▸ **ABOUT THIS EXERCISE**
Please write out the final portion of the records below exactly: the line containing "(\<forall>i j. W$i$j", every line after it, and nothing else.

▸ **TASK INPUT**
═══

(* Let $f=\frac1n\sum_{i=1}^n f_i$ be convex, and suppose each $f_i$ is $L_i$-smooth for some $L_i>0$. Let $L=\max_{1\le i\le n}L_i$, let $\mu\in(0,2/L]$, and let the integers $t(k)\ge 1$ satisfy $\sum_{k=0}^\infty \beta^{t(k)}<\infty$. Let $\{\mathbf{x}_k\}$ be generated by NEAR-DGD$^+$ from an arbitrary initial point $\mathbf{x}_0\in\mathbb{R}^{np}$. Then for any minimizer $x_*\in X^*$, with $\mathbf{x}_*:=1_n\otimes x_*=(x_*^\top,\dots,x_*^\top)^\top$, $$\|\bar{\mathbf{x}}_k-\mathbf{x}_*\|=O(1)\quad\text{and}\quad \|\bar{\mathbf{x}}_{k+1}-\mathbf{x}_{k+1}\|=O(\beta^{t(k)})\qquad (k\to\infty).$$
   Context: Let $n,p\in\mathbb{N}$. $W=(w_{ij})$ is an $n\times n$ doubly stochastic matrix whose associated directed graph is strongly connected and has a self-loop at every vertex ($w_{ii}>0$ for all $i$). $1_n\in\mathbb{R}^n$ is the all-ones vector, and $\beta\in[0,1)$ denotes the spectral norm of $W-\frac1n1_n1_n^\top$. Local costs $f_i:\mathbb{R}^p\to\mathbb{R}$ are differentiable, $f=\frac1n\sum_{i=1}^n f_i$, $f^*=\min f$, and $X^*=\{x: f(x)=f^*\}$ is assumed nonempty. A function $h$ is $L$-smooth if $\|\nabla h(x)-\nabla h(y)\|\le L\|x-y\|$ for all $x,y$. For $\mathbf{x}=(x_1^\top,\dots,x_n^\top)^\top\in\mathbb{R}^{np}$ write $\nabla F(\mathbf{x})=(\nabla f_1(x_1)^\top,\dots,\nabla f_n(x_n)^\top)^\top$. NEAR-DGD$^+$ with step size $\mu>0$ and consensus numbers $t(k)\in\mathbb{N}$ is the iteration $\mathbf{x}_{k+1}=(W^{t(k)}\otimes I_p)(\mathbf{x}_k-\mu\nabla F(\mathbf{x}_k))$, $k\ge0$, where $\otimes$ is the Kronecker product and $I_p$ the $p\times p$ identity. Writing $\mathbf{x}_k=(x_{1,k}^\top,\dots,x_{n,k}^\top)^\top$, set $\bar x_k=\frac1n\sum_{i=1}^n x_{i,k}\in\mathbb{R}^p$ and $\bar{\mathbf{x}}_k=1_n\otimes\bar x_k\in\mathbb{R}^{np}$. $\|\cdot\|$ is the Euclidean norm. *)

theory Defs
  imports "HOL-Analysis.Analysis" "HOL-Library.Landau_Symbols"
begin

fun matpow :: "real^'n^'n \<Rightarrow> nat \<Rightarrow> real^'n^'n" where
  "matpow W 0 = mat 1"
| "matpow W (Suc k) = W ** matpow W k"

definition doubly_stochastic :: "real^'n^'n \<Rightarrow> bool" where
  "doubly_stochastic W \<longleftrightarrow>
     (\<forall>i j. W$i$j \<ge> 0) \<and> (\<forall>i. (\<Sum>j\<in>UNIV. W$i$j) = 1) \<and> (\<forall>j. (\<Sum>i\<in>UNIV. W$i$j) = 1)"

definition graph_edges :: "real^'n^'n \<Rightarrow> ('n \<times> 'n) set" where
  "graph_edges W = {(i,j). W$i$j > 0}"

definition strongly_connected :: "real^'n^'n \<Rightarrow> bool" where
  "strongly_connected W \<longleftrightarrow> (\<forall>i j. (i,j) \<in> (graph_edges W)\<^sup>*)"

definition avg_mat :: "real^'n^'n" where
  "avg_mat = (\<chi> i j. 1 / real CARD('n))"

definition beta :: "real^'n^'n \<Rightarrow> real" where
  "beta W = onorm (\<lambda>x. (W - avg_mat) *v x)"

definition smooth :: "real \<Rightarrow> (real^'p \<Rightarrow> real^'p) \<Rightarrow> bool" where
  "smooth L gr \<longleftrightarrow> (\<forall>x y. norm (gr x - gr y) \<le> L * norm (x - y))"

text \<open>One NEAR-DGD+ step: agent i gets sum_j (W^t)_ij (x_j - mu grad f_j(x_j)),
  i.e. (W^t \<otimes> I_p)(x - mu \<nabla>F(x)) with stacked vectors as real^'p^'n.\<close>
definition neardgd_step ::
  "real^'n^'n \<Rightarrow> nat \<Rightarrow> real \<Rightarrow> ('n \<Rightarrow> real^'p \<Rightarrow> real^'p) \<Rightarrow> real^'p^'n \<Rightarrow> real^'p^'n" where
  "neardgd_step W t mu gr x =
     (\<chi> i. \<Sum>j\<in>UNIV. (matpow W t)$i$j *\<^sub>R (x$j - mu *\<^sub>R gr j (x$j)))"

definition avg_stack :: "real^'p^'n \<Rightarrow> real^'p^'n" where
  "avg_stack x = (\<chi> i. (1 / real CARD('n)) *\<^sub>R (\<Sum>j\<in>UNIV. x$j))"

═══

▸ **SOLVED PROBLEM**
     (\<forall>i j. W$i$j \<ge> 0) \<and> (\<forall>i. (\<Sum>j\<in>UNIV. W$i$j) = 1) \<and> (\<forall>j. (\<Sum>i\<in>UNIV. W$i$j) = 1)"

definition graph_edges :: "real^'n^'n \<Rightarrow> ('n \<times> 'n) set" where
  "graph_edges W = {(i,j). W$i$j > 0}"

definition strongly_connected :: "real^'n^'n \<Rightarrow> bool" where
  "strongly_connected W \<longleftrightarrow> (\<forall>i j. (i,j) \<in> (graph_edges W)\<^sup>*)"

definition avg_mat :: "real^'n^'n" where
  "avg_mat = (\<chi> i j. 1 / real CARD('n))"

definition beta :: "real^'n^'n \<Rightarrow> real" where
  "beta W = onorm (\<lambda>x. (W - avg_mat) *v x)"

definition smooth :: "real \<Rightarrow> (real^'p \<Rightarrow> real^'p) \<Rightarrow> bool" where
  "smooth L gr \<longleftrightarrow> (\<forall>x y. norm (gr x - gr y) \<le> L * norm (x - y))"

text \<open>One NEAR-DGD+ step: agent i gets sum_j (W^t)_ij (x_j - mu grad f_j(x_j)),
  i.e. (W^t \<otimes> I_p)(x - mu \<nabla>F(x)) with stacked vectors as real^'p^'n.\<close>
definition neardgd_step ::
  "real^'n^'n \<Rightarrow> nat \<Rightarrow> real \<Rightarrow> ('n \<Rightarrow> real^'p \<Rightarrow> real^'p) \<Rightarrow> real^'p^'n \<Rightarrow> real^'p^'n" where
  "neardgd_step W t mu gr x =
     (\<chi> i. \<Sum>j\<in>UNIV. (matpow W t)$i$j *\<^sub>R (x$j - mu *\<^sub>R gr j (x$j)))"

definition avg_stack :: "real^'p^'n \<Rightarrow> real^'p^'n" where
  "avg_stack x = (\<chi> i. (1 / real CARD('n)) *\<^sub>R (\<Sum>j\<in>UNIV. x$j))"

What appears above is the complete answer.